Problem details:
The full listing must be reproduced exactly as given.

*** Opening Stored data ***

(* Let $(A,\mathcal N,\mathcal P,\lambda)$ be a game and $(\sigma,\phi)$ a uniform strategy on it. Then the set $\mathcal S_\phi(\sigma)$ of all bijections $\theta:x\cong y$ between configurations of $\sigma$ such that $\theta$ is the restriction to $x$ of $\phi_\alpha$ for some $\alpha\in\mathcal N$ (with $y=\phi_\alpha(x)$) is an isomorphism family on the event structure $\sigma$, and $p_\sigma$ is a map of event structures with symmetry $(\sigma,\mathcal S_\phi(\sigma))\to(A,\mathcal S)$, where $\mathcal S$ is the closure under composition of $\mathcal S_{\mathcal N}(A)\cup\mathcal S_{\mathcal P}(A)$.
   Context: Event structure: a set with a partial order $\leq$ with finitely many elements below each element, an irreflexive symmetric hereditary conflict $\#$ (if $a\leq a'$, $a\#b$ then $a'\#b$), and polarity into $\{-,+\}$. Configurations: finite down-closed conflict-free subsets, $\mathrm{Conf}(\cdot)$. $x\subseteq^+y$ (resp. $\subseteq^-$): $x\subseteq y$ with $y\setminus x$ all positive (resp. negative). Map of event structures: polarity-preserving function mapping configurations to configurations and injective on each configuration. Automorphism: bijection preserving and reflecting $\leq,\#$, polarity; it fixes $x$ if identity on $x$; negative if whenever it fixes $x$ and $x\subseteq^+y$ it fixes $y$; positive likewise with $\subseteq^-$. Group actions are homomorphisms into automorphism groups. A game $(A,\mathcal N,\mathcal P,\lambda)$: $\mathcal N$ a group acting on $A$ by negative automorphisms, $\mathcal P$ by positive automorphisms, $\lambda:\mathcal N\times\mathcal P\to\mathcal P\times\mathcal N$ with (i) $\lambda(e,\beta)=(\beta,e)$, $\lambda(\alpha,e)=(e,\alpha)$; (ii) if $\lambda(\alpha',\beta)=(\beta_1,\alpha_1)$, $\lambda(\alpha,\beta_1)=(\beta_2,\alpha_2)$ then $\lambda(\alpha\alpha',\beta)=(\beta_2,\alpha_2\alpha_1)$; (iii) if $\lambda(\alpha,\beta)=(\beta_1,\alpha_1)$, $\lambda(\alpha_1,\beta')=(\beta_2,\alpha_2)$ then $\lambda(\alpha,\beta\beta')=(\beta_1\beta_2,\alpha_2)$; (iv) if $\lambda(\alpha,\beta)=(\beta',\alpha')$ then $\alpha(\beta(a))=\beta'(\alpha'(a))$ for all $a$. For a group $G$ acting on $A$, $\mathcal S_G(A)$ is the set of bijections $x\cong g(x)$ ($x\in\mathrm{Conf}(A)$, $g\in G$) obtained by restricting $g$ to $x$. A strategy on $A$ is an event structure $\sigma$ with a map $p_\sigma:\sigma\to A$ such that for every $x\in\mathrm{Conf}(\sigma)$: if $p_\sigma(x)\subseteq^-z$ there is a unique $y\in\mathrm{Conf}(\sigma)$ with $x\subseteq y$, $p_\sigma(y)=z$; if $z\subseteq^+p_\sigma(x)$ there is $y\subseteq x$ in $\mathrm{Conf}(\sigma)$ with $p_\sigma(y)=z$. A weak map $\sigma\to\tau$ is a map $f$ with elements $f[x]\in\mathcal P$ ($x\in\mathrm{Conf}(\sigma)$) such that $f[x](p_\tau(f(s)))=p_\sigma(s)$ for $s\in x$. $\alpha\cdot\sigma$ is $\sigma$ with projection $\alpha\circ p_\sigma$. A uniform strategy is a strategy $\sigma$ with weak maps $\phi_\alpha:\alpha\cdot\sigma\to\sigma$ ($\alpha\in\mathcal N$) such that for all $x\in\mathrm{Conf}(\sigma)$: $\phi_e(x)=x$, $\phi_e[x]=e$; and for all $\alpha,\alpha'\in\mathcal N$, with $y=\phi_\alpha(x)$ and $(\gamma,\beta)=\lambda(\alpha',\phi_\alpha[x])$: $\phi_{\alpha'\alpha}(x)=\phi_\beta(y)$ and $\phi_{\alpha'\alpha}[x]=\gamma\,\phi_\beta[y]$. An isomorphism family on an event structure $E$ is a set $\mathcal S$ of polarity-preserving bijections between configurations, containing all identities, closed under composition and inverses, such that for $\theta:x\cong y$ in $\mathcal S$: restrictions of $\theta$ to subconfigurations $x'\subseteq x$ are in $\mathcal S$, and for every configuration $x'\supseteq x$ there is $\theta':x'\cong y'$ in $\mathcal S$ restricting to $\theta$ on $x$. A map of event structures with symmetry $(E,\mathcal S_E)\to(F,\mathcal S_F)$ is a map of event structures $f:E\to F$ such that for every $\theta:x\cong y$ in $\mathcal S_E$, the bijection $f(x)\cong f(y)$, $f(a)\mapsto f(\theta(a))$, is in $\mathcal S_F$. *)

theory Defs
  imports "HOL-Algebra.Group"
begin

*** Closing Stored data ***

Expected output:
(* Let $(A,\mathcal N,\mathcal P,\lambda)$ be a game and $(\sigma,\phi)$ a uniform strategy on it. Then the set $\mathcal S_\phi(\sigma)$ of all bijections $\theta:x\cong y$ between configurations of $\sigma$ such that $\theta$ is the restriction to $x$ of $\phi_\alpha$ for some $\alpha\in\mathcal N$ (with $y=\phi_\alpha(x)$) is an isomorphism family on the event structure $\sigma$, and $p_\sigma$ is a map of event structures with symmetry $(\sigma,\mathcal S_\phi(\sigma))\to(A,\mathcal S)$, where $\mathcal S$ is the closure under composition of $\mathcal S_{\mathcal N}(A)\cup\mathcal S_{\mathcal P}(A)$.
   Context: Event structure: a set with a partial order $\leq$ with finitely many elements below each element, an irreflexive symmetric hereditary conflict $\#$ (if $a\leq a'$, $a\#b$ then $a'\#b$), and polarity into $\{-,+\}$. Configurations: finite down-closed conflict-free subsets, $\mathrm{Conf}(\cdot)$. $x\subseteq^+y$ (resp. $\subseteq^-$): $x\subseteq y$ with $y\setminus x$ all positive (resp. negative). Map of event structures: polarity-preserving function mapping configurations to configurations and injective on each configuration. Automorphism: bijection preserving and reflecting $\leq,\#$, polarity; it fixes $x$ if identity on $x$; negative if whenever it fixes $x$ and $x\subseteq^+y$ it fixes $y$; positive likewise with $\subseteq^-$. Group actions are homomorphisms into automorphism groups. A game $(A,\mathcal N,\mathcal P,\lambda)$: $\mathcal N$ a group acting on $A$ by negative automorphisms, $\mathcal P$ by positive automorphisms, $\lambda:\mathcal N\times\mathcal P\to\mathcal P\times\mathcal N$ with (i) $\lambda(e,\beta)=(\beta,e)$, $\lambda(\alpha,e)=(e,\alpha)$; (ii) if $\lambda(\alpha',\beta)=(\beta_1,\alpha_1)$, $\lambda(\alpha,\beta_1)=(\beta_2,\alpha_2)$ then $\lambda(\alpha\alpha',\beta)=(\beta_2,\alpha_2\alpha_1)$; (iii) if $\lambda(\alpha,\beta)=(\beta_1,\alpha_1)$, $\lambda(\alpha_1,\beta')=(\beta_2,\alpha_2)$ then $\lambda(\alpha,\beta\beta')=(\beta_1\beta_2,\alpha_2)$; (iv) if $\lambda(\alpha,\beta)=(\beta',\alpha')$ then $\alpha(\beta(a))=\beta'(\alpha'(a))$ for all $a$. For a group $G$ acting on $A$, $\mathcal S_G(A)$ is the set of bijections $x\cong g(x)$ ($x\in\mathrm{Conf}(A)$, $g\in G$) obtained by restricting $g$ to $x$. A strategy on $A$ is an event structure $\sigma$ with a map $p_\sigma:\sigma\to A$ such that for every $x\in\mathrm{Conf}(\sigma)$: if $p_\sigma(x)\subseteq^-z$ there is a unique $y\in\mathrm{Conf}(\sigma)$ with $x\subseteq y$, $p_\sigma(y)=z$; if $z\subseteq^+p_\sigma(x)$ there is $y\subseteq x$ in $\mathrm{Conf}(\sigma)$ with $p_\sigma(y)=z$. A weak map $\sigma\to\tau$ is a map $f$ with elements $f[x]\in\mathcal P$ ($x\in\mathrm{Conf}(\sigma)$) such that $f[x](p_\tau(f(s)))=p_\sigma(s)$ for $s\in x$. $\alpha\cdot\sigma$ is $\sigma$ with projection $\alpha\circ p_\sigma$. A uniform strategy is a strategy $\sigma$ with weak maps $\phi_\alpha:\alpha\cdot\sigma\to\sigma$ ($\alpha\in\mathcal N$) such that for all $x\in\mathrm{Conf}(\sigma)$: $\phi_e(x)=x$, $\phi_e[x]=e$; and for all $\alpha,\alpha'\in\mathcal N$, with $y=\phi_\alpha(x)$ and $(\gamma,\beta)=\lambda(\alpha',\phi_\alpha[x])$: $\phi_{\alpha'\alpha}(x)=\phi_\beta(y)$ and $\phi_{\alpha'\alpha}[x]=\gamma\,\phi_\beta[y]$. An isomorphism family on an event structure $E$ is a set $\mathcal S$ of polarity-preserving bijections between configurations, containing all identities, closed under composition and inverses, such that for $\theta:x\cong y$ in $\mathcal S$: restrictions of $\theta$ to subconfigurations $x'\subseteq x$ are in $\mathcal S$, and for every configuration $x'\supseteq x$ there is $\theta':x'\cong y'$ in $\mathcal S$ restricting to $\theta$ on $x$. A map of event structures with symmetry $(E,\mathcal S_E)\to(F,\mathcal S_F)$ is a map of event structures $f:E\to F$ such that for every $\theta:x\cong y$ in $\mathcal S_E$, the bijection $f(x)\cong f(y)$, $f(a)\mapsto f(\theta(a))$, is in $\mathcal S_F$. *)

theory Defs
  imports "HOL-Algebra.Group"
begin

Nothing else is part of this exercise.